Peter York: against authenticity
Nigel Farage, Oprah and countless artisan food outlets are all for it, but authenticity is now a vacuous concept

Peter York


The real deal: Oprah Winfrey in 2011.


The real deal: Oprah Winfrey in 2011. Photograph: Mario Anzuoni/Reuters

Oprah’s on for it. A great swath of marketing people are on for it. And “human potential” development types are on for it, too. What they’re on for is “authenticity”, a word and concept fashionable in everything from emotions to materials. Think of politicians who “tell it like it is” (our Nigel), celebrity confessionals, bare-brick lofts and bushy beards in Shoreditch, or “artisan” foods. I have found it’s a word you tend to hear from people who have something to sell.

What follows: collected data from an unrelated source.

(* Let $\varphi$ be an AND-OR formula in which every gate has fan-in two, with its checkpoints placed and the associated formula $\varphi'$ formed as described in the context. Let $v'$ be an internal vertex of $\varphi'$, with children $c'_1,c'_2,\dots,c'_{J+1}$ sorted in decreasing order of their distances from the root of $\varphi'$, and with $s_{c'_1}\ge s_{c'_2}$. Then for every $j\ge 2$, $s_{c'_j}\le s_{v'}/2$. If $v'$ is not a small vertex, then $s_{c'_1}\le s_{v'}-\frac{1}{\sqrt 2}\sqrt{s_{v'}}$.
   Context: An AND-OR formula with fan-in-two gates is a rooted binary tree (root $r$) whose internal vertices are AND or OR gates and whose leaves are input variables. For an internal vertex $v$, $s_1(v)\ge s_2(v)\ge1$ are the numbers of leaves of its two input subformulas (child 1 is a larger one, ties broken arbitrarily). Define $\alpha(v)=\epsilon(v)=\bigl((\sqrt{s_1(v)}+\sqrt{s_2(v)})/\sqrt{s_1(v)+s_2(v)}\bigr)^{1/2}$. Checkpoint placement. Step 1: for every internal vertex $v$, mark the edge from $v$ to its smaller input subformula (child 2). Afterwards every internal vertex has exactly one unmarked edge to a child, so the unmarked edges partition the internal vertices into paths; let $\mathcal{S}$ be the set of vertices that are, for one of these paths, the endpoint closer to $r$. Step 2: for each such path, starting at its far end and moving toward the root, keep track of the product of $\alpha(v)$ (for AND gates) or $\epsilon(v)$ (for OR gates) over the internal vertices added so far; after adding a vertex that makes this product exceed $\sqrt e$, split the path by marking (checkpointing) the edge from that vertex to the next vertex of the path toward the root, and restart the product. The marked edges ("checkpoints") divide the internal vertices of $\varphi$ into checkpointed paths. The formula $\varphi'$: its internal vertices are the checkpointed paths $\xi$ of $\varphi$, its leaves are the leaves of $\varphi$; the children in $\varphi'$ of a path $\xi$ with $J$ internal vertices are the $J+1$ subformulas hanging off $\xi$ (each a leaf of $\varphi$ or the path beginning at the corresponding child vertex). For a vertex $v'$ of $\varphi'$, $s_{v'}$ is the number of leaves of $\varphi$ in the subformula rooted at $v'$ (equal to $1$ for a leaf). An internal vertex $v'$ of $\varphi'$ is small if its checkpointed path has an endpoint in $\mathcal{S}$. *)

theory Defs
  imports Complex_Main "HOL-Library.Sublist"
begin

datatype gate = AND | OR

datatype 'a formula = Leaf 'a | Gate gate "'a formula" "'a formula"

fun nleaves :: "'a formula \<Rightarrow> nat" where
  "nleaves (Leaf x) = 1"
| "nleaves (Gate g l r) = nleaves l + nleaves r"

text \<open>Vertices are addressed by positions: lists of directions from the root
  (False = left input, True = right input).\<close>
type_synonym pos = "bool list"

fun subf :: "'a formula \<Rightarrow> pos \<Rightarrow> 'a formula option" where
  "subf t [] = Some t"
| "subf (Leaf x) (b # p) = None"
| "subf (Gate g l r) (b # p) = subf (if b then r else l) p"

definition internal :: "'a formula \<Rightarrow> pos \<Rightarrow> bool" where
  "internal t p \<longleftrightarrow> (\<exists>g l r. subf t p = Some (Gate g l r))"

definition sz :: "'a formula \<Rightarrow> pos \<Rightarrow> nat" where
  "sz t p = (case subf t p of Some u \<Rightarrow> nleaves u | None \<Rightarrow> 0)"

I’m dead against authenticity, immediately suspicious of the word and its intentions. It is a word that reminds me of the fast one about to be pulled, the value about to be added, the tosh about to be talked, the micro-connoisseur at your elbow.



Now that the public has lost faith in politicians, banks and the press, the mass of PRs, ad execs, lobbyists and researchers have been casting about for reassuring ways to represent their clients. They have seized on a language derived from the worst kind of therapy; a language that dwells on being true to your emotions, to yourself, but doesn’t demand much more. Authenticity is the key word in this language, because it implies truthfulness with no uncomfortable requirement for facts. So the Tea Party, for instance, can claim to be more “real” – Michele Bachmann famously said “people like me because I’m authentic” – than pointy-headed eastern liberals, even though the party is backed by secretive billionaires. Populist movements always claim authenticity.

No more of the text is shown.